lemma coarse_rescale_dist_bounds:
  fixes f :: "'a::real_normed_vector \<Rightarrow> 'b::real_normed_vector"
  assumes coarse: "\<forall>x y. A * norm (x - y) - C \<le> norm (f x - f y) \<and> norm (f x - f y) \<le> B * norm (x - y) + C"
    and "0 < t" and \<phi>: "\<And>x. \<phi> x = (1 / t) *\<^sub>R (f (t *\<^sub>R x) - f 0)"
  shows "A * dist x y - C / t \<le> dist (\<phi> x) (\<phi> y)" and "dist (\<phi> x) (\<phi> y) \<le> B * dist x y + C / t"
proof -
  have dist_\<phi>: "dist (\<phi> x) (\<phi> y) = norm (f (t *\<^sub>R x) - f (t *\<^sub>R y)) / t"
    using \<open>0 < t\<close> by (simp add: \<phi> dist_norm algebra_simps flip: scaleR_diff_right)
  have "norm (t *\<^sub>R x - t *\<^sub>R y) = t * dist x y"
    using \<open>0 < t\<close> by (simp add: dist_norm flip: scaleR_diff_right)
  then have lo: "A * (t * dist x y) - C \<le> norm (f (t *\<^sub>R x) - f (t *\<^sub>R y))"
    and up: "norm (f (t *\<^sub>R x) - f (t *\<^sub>R y)) \<le> B * (t * dist x y) + C"
    using coarse[rule_format, of "t *\<^sub>R x" "t *\<^sub>R y"] by auto
  have "A * dist x y - C / t = (A * (t * dist x y) - C) / t"
    using \<open>0 < t\<close> by (simp add: field_simps)
  also have "\<dots> \<le> dist (\<phi> x) (\<phi> y)"
    unfolding dist_\<phi> using divide_right_mono[OF lo, of t] \<open>0 < t\<close> by simp
  finally show "A * dist x y - C / t \<le> dist (\<phi> x) (\<phi> y)" .
  have "dist (\<phi> x) (\<phi> y) \<le> (B * (t * dist x y) + C) / t"
    unfolding dist_\<phi> using divide_right_mono[OF up, of t] \<open>0 < t\<close> by simp
  also have "\<dots> = B * dist x y + C / t"
    using \<open>0 < t\<close> by (simp add: field_simps)
  finally show "dist (\<phi> x) (\<phi> y) \<le> B * dist x y + C / t" .
qed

____________

### PROBLEM STATEMENT:
Whichever lines of the data include the word "flip", pull them out.

### EXERCISE RESULT:
    using \<open>0 < t\<close> by (simp add: \<phi> dist_norm algebra_simps flip: scaleR_diff_right)
    using \<open>0 < t\<close> by (simp add: dist_norm flip: scaleR_diff_right)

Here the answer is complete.